**WHAT IS EXPECTED**
Look for the string "dominated" in the listing. Copy each line that has it.

********

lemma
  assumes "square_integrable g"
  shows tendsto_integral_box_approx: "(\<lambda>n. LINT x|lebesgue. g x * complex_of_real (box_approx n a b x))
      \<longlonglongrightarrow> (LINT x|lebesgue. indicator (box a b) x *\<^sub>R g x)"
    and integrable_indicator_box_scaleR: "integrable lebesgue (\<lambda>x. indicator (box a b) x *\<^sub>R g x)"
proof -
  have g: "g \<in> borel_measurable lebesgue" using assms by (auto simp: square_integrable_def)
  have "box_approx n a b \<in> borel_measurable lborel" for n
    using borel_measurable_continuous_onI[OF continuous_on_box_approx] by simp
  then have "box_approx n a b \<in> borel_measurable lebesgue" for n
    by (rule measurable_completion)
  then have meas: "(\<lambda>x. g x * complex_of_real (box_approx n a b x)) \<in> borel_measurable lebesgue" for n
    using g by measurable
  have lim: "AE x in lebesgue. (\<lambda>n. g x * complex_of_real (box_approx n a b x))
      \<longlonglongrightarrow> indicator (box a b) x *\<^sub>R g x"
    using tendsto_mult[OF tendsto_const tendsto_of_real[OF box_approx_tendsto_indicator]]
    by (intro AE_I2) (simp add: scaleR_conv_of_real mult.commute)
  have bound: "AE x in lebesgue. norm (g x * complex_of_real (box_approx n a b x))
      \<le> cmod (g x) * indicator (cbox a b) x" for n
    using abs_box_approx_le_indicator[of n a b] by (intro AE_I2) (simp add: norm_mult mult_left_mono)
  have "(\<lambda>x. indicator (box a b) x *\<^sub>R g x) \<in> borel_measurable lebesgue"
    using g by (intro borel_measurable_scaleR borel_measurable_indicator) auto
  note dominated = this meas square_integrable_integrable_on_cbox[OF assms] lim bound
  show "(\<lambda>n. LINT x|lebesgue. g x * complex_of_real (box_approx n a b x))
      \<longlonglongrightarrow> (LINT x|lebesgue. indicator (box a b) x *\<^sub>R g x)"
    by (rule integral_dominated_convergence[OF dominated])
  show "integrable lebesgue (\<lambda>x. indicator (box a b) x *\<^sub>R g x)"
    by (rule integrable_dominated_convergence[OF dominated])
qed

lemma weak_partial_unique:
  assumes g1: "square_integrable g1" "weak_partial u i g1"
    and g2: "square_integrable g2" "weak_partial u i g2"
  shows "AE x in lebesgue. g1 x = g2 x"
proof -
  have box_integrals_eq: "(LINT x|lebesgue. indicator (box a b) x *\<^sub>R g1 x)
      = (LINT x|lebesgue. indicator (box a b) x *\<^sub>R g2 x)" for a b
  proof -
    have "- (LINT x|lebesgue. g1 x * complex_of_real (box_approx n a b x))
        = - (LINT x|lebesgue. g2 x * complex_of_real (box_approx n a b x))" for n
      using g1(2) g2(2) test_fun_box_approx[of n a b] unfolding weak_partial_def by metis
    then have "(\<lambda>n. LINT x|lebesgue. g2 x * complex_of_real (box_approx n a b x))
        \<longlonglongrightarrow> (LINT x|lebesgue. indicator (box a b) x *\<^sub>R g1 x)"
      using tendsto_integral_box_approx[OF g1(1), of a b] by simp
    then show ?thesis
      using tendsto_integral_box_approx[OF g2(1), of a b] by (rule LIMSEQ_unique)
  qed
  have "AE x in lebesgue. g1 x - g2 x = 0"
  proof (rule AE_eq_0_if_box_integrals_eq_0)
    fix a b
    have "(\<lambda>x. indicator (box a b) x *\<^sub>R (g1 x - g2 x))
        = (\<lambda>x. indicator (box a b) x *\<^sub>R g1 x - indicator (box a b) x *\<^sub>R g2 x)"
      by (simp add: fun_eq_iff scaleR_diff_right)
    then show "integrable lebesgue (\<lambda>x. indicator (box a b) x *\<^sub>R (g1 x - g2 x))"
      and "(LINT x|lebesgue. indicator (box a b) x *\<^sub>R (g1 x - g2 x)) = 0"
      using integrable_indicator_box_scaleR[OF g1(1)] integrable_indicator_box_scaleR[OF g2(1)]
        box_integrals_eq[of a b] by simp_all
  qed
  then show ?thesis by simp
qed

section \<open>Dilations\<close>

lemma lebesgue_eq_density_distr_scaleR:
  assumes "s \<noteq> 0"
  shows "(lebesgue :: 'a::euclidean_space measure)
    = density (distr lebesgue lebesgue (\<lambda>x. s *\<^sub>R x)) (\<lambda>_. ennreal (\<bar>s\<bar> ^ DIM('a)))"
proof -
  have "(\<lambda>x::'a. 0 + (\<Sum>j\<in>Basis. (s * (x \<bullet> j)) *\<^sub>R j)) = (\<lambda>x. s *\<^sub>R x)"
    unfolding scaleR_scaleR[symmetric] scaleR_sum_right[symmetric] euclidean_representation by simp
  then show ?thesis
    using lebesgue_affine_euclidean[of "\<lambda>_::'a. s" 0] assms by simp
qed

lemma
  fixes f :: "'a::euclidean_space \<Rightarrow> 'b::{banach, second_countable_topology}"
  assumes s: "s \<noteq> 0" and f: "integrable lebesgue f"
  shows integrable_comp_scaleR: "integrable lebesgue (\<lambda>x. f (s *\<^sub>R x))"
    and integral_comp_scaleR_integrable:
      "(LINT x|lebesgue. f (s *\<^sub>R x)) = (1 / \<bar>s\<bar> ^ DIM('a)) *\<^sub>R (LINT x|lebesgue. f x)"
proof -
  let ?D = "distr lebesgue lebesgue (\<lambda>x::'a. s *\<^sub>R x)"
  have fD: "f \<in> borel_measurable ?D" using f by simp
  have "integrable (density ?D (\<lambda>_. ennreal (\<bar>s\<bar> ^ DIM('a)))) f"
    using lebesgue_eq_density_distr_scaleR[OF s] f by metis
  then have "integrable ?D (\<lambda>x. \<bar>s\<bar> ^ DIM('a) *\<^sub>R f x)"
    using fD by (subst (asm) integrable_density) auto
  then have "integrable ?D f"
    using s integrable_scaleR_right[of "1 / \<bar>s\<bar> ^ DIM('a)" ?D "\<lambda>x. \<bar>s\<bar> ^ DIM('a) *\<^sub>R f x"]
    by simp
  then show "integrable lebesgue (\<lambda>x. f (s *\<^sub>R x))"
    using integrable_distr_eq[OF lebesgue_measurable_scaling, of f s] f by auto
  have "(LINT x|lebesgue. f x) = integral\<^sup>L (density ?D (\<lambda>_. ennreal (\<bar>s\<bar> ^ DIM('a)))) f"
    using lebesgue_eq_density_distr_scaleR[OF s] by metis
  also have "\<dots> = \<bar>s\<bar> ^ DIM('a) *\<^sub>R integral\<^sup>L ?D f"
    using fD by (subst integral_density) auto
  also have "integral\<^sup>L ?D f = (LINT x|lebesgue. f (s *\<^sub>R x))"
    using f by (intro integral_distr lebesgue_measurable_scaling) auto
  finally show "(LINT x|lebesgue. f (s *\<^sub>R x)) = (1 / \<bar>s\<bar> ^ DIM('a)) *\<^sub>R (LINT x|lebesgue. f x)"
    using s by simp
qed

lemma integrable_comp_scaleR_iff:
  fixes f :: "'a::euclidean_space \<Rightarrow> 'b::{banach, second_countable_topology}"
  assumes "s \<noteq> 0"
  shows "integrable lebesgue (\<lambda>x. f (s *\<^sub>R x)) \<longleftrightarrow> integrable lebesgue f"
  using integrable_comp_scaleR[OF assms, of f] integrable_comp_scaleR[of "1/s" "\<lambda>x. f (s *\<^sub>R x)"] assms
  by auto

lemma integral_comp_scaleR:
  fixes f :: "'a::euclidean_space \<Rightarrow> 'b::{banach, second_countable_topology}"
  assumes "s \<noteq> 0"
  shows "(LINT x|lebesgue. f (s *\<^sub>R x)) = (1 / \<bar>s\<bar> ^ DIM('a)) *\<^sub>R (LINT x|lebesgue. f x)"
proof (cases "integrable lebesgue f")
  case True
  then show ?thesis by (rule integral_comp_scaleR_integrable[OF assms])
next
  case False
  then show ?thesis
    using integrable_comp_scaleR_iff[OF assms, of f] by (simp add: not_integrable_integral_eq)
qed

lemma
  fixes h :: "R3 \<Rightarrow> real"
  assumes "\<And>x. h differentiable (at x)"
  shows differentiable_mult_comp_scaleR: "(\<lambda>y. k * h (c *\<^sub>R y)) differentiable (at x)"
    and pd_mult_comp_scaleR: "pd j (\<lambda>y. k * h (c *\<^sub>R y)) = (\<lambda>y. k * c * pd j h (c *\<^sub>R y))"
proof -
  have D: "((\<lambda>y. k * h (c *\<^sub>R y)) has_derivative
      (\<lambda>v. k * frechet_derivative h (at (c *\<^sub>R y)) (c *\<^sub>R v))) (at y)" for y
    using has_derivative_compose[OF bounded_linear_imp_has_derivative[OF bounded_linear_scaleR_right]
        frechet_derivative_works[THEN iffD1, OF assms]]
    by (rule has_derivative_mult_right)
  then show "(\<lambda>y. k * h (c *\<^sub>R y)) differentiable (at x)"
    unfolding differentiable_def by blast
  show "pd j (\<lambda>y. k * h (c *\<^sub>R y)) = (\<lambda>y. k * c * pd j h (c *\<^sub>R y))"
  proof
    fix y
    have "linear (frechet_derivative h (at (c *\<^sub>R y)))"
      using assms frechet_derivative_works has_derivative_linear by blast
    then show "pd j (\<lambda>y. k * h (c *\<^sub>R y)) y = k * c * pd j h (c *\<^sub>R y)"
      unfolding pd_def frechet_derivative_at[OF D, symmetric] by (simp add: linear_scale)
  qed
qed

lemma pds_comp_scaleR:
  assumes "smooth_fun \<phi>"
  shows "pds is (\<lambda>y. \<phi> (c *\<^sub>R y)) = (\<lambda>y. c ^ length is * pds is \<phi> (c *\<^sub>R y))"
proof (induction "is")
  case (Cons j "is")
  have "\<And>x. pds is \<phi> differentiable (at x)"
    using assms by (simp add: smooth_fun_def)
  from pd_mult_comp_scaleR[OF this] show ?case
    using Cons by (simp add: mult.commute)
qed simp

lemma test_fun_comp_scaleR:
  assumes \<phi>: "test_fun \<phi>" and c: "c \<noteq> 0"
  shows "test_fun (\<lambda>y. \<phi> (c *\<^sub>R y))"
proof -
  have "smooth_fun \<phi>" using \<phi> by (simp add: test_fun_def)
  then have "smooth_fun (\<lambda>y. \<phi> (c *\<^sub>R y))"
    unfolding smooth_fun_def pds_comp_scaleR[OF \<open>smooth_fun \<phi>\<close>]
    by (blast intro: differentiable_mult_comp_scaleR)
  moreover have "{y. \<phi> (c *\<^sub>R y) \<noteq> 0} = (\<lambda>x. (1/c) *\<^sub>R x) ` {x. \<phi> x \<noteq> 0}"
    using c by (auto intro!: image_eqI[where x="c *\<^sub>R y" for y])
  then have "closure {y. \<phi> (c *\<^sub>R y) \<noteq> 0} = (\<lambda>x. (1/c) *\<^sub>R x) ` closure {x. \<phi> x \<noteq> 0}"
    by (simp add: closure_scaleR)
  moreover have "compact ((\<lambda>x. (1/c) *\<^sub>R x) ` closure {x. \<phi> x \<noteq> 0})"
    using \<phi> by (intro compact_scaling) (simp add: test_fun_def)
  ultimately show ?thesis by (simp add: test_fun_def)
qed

********

**WRITTEN SOLUTION**
  note dominated = this meas square_integrable_integrable_on_cbox[OF assms] lim bound
    by (rule integral_dominated_convergence[OF dominated])
    by (rule integrable_dominated_convergence[OF dominated])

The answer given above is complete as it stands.